[Start of Attachment]
lemma restr_sample_combs:
  assumes T1: "rooted_Ztree Z (Node l1 r1)" and T2: "rooted_Ztree Z (Node l2 r2)"
    and same: "Seq (Node l1 r1) = Seq (Node l2 r2)"
    and escape: "\<forall>x Y. escape_pair Z (Node l1 r1) (Node l2 r2) x Y \<longrightarrow> card Y \<le> K"
    and A: "A \<subseteq> leaves l2 - leaves l1" "A \<noteq> {}"
    and sparse: "\<And>w. sublist w (Seq (Node l1 r1)) \<Longrightarrow> length w \<le> K \<Longrightarrow> card (A \<inter> set w) \<le> 1"
  shows "restr (Node l1 r1) A = right_comb (filter (\<lambda>x. x \<in> A) (Seq (Node l1 r1)))"
    and "restr (Node l2 r2) A = left_comb (filter (\<lambda>x. x \<in> A) (Seq (Node l1 r1)))"
proof -
  have s: "Seq l1 @ Seq r1 = Seq l2 @ Seq r2" using same by simp
  have dist: "distinct (Seq l1 @ Seq r1)" "distinct (Seq l2 @ Seq r2)"
    using T1 s unfolding rooted_Ztree_def by simp_all
  have split: "leaves l1 \<union> leaves r1 = leaves l2 \<union> leaves r2"
    "leaves l1 \<inter> leaves r1 = {}" "leaves l2 \<inter> leaves r2 = {}"
    using s dist by (metis set_append) (use dist in simp_all)
  have escape': "\<forall>x Y. escape_pair Z (Node l2 r2) (Node l1 r1) x Y \<longrightarrow> card Y \<le> K"
    using escape by (simp add: escape_pair_commute)
  have sparse_clade: "card (A \<inter> leaves v) \<le> 1"
    if "rooted_Ztree Z (Node l r)" "Seq (Node l r) = Seq (Node l1 r1)"
      "\<forall>x Y. escape_pair Z (Node l r) (Node l' r') x Y \<longrightarrow> card Y \<le> K"
      "rooted_Ztree Z (Node l' r')" "v \<in> subtrees (Node l r)" "leaves v \<subseteq> leaves l' \<or> leaves v \<subseteq> leaves r'"
    for l r l' r' v
    using sparse[OF _ length_Seq_clade_in_child_le[OF that(1,4,3,5,6)]] sublist_Seq_subtrees[OF that(5)]
      that(2) by simp
  have "restrict A r1 = Some (right_comb (filter (\<lambda>x. x \<in> A) (Seq r1)))"
  proof (rule restrict_right_comb[where P = "\<lambda>x. x \<in> leaves l2"])
    have "sorted_wrt (\<lambda>x y. y \<in> leaves l2 \<longrightarrow> x \<in> leaves l2) (Seq l1 @ Seq r1)"
      unfolding s using split(3) by (rule sorted_wrt_append_blocks(1))
    then show "sorted_wrt (\<lambda>x y. y \<in> leaves l2 \<longrightarrow> x \<in> leaves l2) (Seq r1)"
      by (simp add: sorted_wrt_append)
    show "\<forall>v\<in>subtrees r1. (\<forall>x\<in>leaves v. x \<in> leaves l2) \<longrightarrow> card (A \<inter> leaves v) \<le> 1"
      using sparse_clade[OF T1 refl escape T2] by (simp add: subset_iff)
    show "distinct (Seq r1)" using dist(1) by simp
    show "\<forall>x\<in>A. x \<in> leaves l2" "A \<inter> leaves r1 \<noteq> {}" using A split(1) by blast+
  qed
  moreover have "A \<inter> leaves l1 = {}" "filter (\<lambda>x. x \<in> A) (Seq l1) = []"
    using A(1) by (auto simp: filter_empty_conv)
  ultimately show "restr (Node l1 r1) A = right_comb (filter (\<lambda>x. x \<in> A) (Seq (Node l1 r1)))"
    by (simp add: restr_Node_disjoint(1))
  have "restrict A l2 = Some (left_comb (filter (\<lambda>x. x \<in> A) (Seq l2)))"
  proof (rule restrict_left_comb[where P = "\<lambda>x. x \<in> leaves r1"])
    have "sorted_wrt (\<lambda>x y. x \<in> leaves r1 \<longrightarrow> y \<in> leaves r1) (Seq l2 @ Seq r2)"
      unfolding s[symmetric] using split(2) by (rule sorted_wrt_append_blocks(2))
    then show "sorted_wrt (\<lambda>x y. x \<in> leaves r1 \<longrightarrow> y \<in> leaves r1) (Seq l2)"
      by (simp add: sorted_wrt_append)
    show "\<forall>v\<in>subtrees l2. (\<forall>x\<in>leaves v. x \<in> leaves r1) \<longrightarrow> card (A \<inter> leaves v) \<le> 1"
      using sparse_clade[OF T2 same[symmetric] escape' T1] by (simp add: subset_iff)
    show "distinct (Seq l2)" using dist(2) by simp
    show "\<forall>x\<in>A. x \<in> leaves r1" "A \<inter> leaves l2 \<noteq> {}" using A split(1) by blast+
  qed
  moreover have "A \<inter> leaves r2 = {}" "filter (\<lambda>x. x \<in> A) (Seq r2) = []"
    using A(1) split(3) by (auto simp: filter_empty_conv)
  ultimately show "restr (Node l2 r2) A = left_comb (filter (\<lambda>x. x \<in> A) (Seq (Node l1 r1)))"
    by (simp add: s restr_Node_disjoint(2))
qed

lemma ex_comb_restrictions:
  assumes T1: "rooted_Ztree Z (Node l1 r1)" and T2: "rooted_Ztree Z (Node l2 r2)"
    and same: "Seq (Node l1 r1) = Seq (Node l2 r2)"
    and escape: "\<forall>x Y. escape_pair Z (Node l1 r1) (Node l2 r2) x Y \<longrightarrow> card Y \<le> K"
    and l1_l2: "leaves l1 \<subseteq> leaves l2"
    and big: "2 * K < card Z"
  shows "\<exists>A xs. A \<subseteq> Z \<and> card Z \<le> (card A + 2) * K \<and> xs \<noteq> []
            \<and> restr (Node l1 r1) A = right_comb xs \<and> restr (Node l2 r2) A = left_comb xs"
proof -
  define s where "s = Seq (Node l1 r1)"
  have s1: "s = Seq l1 @ Seq r1" and s2: "s = Seq l2 @ Seq r2"
    using same by (simp_all add: s_def)
  have dist: "distinct s" and Z: "set s = Z" using T1 unfolding rooted_Ztree_def s_def by auto
  have "leaves l1 \<union> leaves r1 = leaves l2 \<union> leaves r2" "leaves l2 \<inter> leaves r2 = {}"
    using dist s1 s2 by (metis set_append, metis distinct_append)
  then have "leaves r2 \<subseteq> leaves r1" using l1_l2 by blast
  then have "length (Seq l1) \<le> K" "length (Seq r2) \<le> K"
    using length_Seq_clade_in_child_le[OF T1 T2 escape, of l1] l1_l2
      length_Seq_clade_in_child_le[OF T2 T1 _, of K r2] escape by (auto simp: escape_pair_commute)
  moreover have "0 < K" using calculation(1) Seq_neq_Nil[of l1] by (cases "Seq l1") auto
  moreover have "length (Seq l2) \<le> length s" using s2 by simp
  ultimately obtain A where A: "A \<subseteq> leaves l2 - leaves l1"
      "length (Seq l2) \<le> length (Seq l1) + card A * K"
    and sparse: "\<And>w. sublist w s \<Longrightarrow> length w \<le> K \<Longrightarrow> card (A \<inter> set w) \<le> 1"
    using sparse_sample[OF dist, of K "length (Seq l2)" "length (Seq l1)"]
    by (metis append_eq_conv_conj s1 s2)
  have "card Z = length (Seq l2) + length (Seq r2)"
    using Z dist s2 distinct_card by fastforce
  with A(2) \<open>length (Seq l1) \<le> K\<close> \<open>length (Seq r2) \<le> K\<close>
  have card_Z: "card Z \<le> (card A + 2) * K" by (simp add: algebra_simps)
  with big have "A \<noteq> {}" by auto
  moreover from this have "filter (\<lambda>x. x \<in> A) s \<noteq> []"
    using A(1) s2 by (auto simp: filter_empty_conv)
  moreover have "A \<subseteq> Z" using A(1) Z s2 by auto
  ultimately show ?thesis
    using card_Z restr_sample_combs[OF T1 T2 same escape A(1)] sparse unfolding s_def by blast
qed

lemma ex_comb_restrictions_sym:
  assumes T1: "rooted_Ztree Z (Node l1 r1)" and T2: "rooted_Ztree Z (Node l2 r2)"
    and same: "Seq (Node l1 r1) = Seq (Node l2 r2)"
    and escape: "\<forall>x Y. escape_pair Z (Node l1 r1) (Node l2 r2) x Y \<longrightarrow> card Y \<le> K"
    and big: "2 * K < card Z"
  shows "\<exists>A xs. A \<subseteq> Z \<and> card Z \<le> (card A + 2) * K \<and> xs \<noteq> []
            \<and> {restr (Node l1 r1) A, restr (Node l2 r2) A} = {right_comb xs, left_comb xs}"
proof -
  have "Seq l1 @ Seq r1 = Seq l2 @ Seq r2" using same by simp
  then have "prefix (Seq l1) (Seq l2) \<or> prefix (Seq l2) (Seq l1)"
    by (metis prefixI prefix_same_cases)
  then consider "leaves l1 \<subseteq> leaves l2" | "leaves l2 \<subseteq> leaves l1"
    by (auto dest: set_mono_prefix)
  then show ?thesis
  proof cases
    case 1
    from ex_comb_restrictions[OF T1 T2 same escape 1 big] obtain A xs
      where "A \<subseteq> Z" "card Z \<le> (card A + 2) * K" "xs \<noteq> []"
        "restr (Node l1 r1) A = right_comb xs" "restr (Node l2 r2) A = left_comb xs"
      by blast
    then show ?thesis by (intro exI[of _ A] exI[of _ xs]) simp
  next
    case 2
    have "\<forall>x Y. escape_pair Z (Node l2 r2) (Node l1 r1) x Y \<longrightarrow> card Y \<le> K"
      using escape by (simp add: escape_pair_commute)
    from ex_comb_restrictions[OF T2 T1 same[symmetric] this 2 big] obtain A xs
      where "A \<subseteq> Z" "card Z \<le> (card A + 2) * K" "xs \<noteq> []"
        "restr (Node l2 r2) A = right_comb xs" "restr (Node l1 r1) A = left_comb xs"
      by blast
    then show ?thesis by (intro exI[of _ A] exI[of _ xs]) (simp add: insert_commute)
  qed
qed

lemma restr_first_two:
  assumes "distinct (Seq t)" "Seq t = x # y # zs"
  shows "restr t {x, y} = Node (Leaf x) (Leaf y)"
proof -
  obtain t' where t': "restrict {x, y} t = Some t'"
    using assms(2) restrict_eq_None_iff[of "{x, y}" t] by fastforce
  have "filter (\<lambda>z. z \<in> {x, y}) (Seq t) = [x, y]"
    using assms by (auto simp: filter_empty_conv)
  then show ?thesis
    using Seq_restrict[OF t'] Seq_eq_doubleton t' by (simp add: restr_def)
qed

lemma ex_cherry_restrictions:
  assumes "rooted_Ztree Z t1" "rooted_Ztree Z t2" "Seq t1 = Seq t2" "card Z \<ge> 2"
  shows "\<exists>A xs. A \<subseteq> Z \<and> card A = 2 \<and> xs \<noteq> [] \<and> {restr t1 A, restr t2 A} = {right_comb xs, left_comb xs}"
proof -
  have "distinct (Seq t1)" "set (Seq t1) = Z" using assms(1) unfolding rooted_Ztree_def by auto
  moreover then obtain x y zs where xyzs: "Seq t1 = x # y # zs"
    using assms(4) distinct_card by (metis One_nat_def Suc_1 Suc_le_length_iff)
  ultimately show ?thesis
    using assms(3) restr_first_two[of t1 x y zs] restr_first_two[of t2 x y zs]
    by (intro exI[of _ "{x, y}"] exI[of _ "[x, y]"]) (auto simp: left_comb_def)
qed

lemma comb_restrictions_uidentical_ucaterpillar:
  assumes "xs \<noteq> []" "{t1, t2} = {right_comb xs, left_comb xs}"
  shows "uidentical t1 t2 \<and> ucaterpillar t1 \<and> ucaterpillar t2"
  using assms uidentical_left_comb_right_comb[OF assms(1)] uidentical_sym uidentical_refl
    ucaterpillar_right_comb ucaterpillar_left_comb[OF assms(1)]
  by (auto simp: doubleton_eq_iff)

lemma ex_greatest_nat_less:
  fixes c :: real
  assumes "0 < c"
  shows "\<exists>K::nat. real K < c \<and> (\<forall>m::nat. real m < c \<longrightarrow> m \<le> K)"
proof (intro exI conjI allI impI)
  show "real (nat \<lceil>c\<rceil> - 1) < c" using assms by linarith
  show "m \<le> nat \<lceil>c\<rceil> - 1" if "real m < c" for m
    using that by linarith
qed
[End of Attachment]
**WHAT IS EXPECTED:**
Where the listing above reaches the line that contains "obtain t' where", start retyping, and finish with the line that contains "rooted_Ztree_def by auto"; reproduce those lines exactly and no others.

**RESPONSE AREA:**
  obtain t' where t': "restrict {x, y} t = Some t'"
    using assms(2) restrict_eq_None_iff[of "{x, y}" t] by fastforce
  have "filter (\<lambda>z. z \<in> {x, y}) (Seq t) = [x, y]"
    using assms by (auto simp: filter_empty_conv)
  then show ?thesis
    using Seq_restrict[OF t'] Seq_eq_doubleton t' by (simp add: restr_def)
qed

lemma ex_cherry_restrictions:
  assumes "rooted_Ztree Z t1" "rooted_Ztree Z t2" "Seq t1 = Seq t2" "card Z \<ge> 2"
  shows "\<exists>A xs. A \<subseteq> Z \<and> card A = 2 \<and> xs \<noteq> [] \<and> {restr t1 A, restr t2 A} = {right_comb xs, left_comb xs}"
proof -
  have "distinct (Seq t1)" "set (Seq t1) = Z" using assms(1) unfolding rooted_Ztree_def by auto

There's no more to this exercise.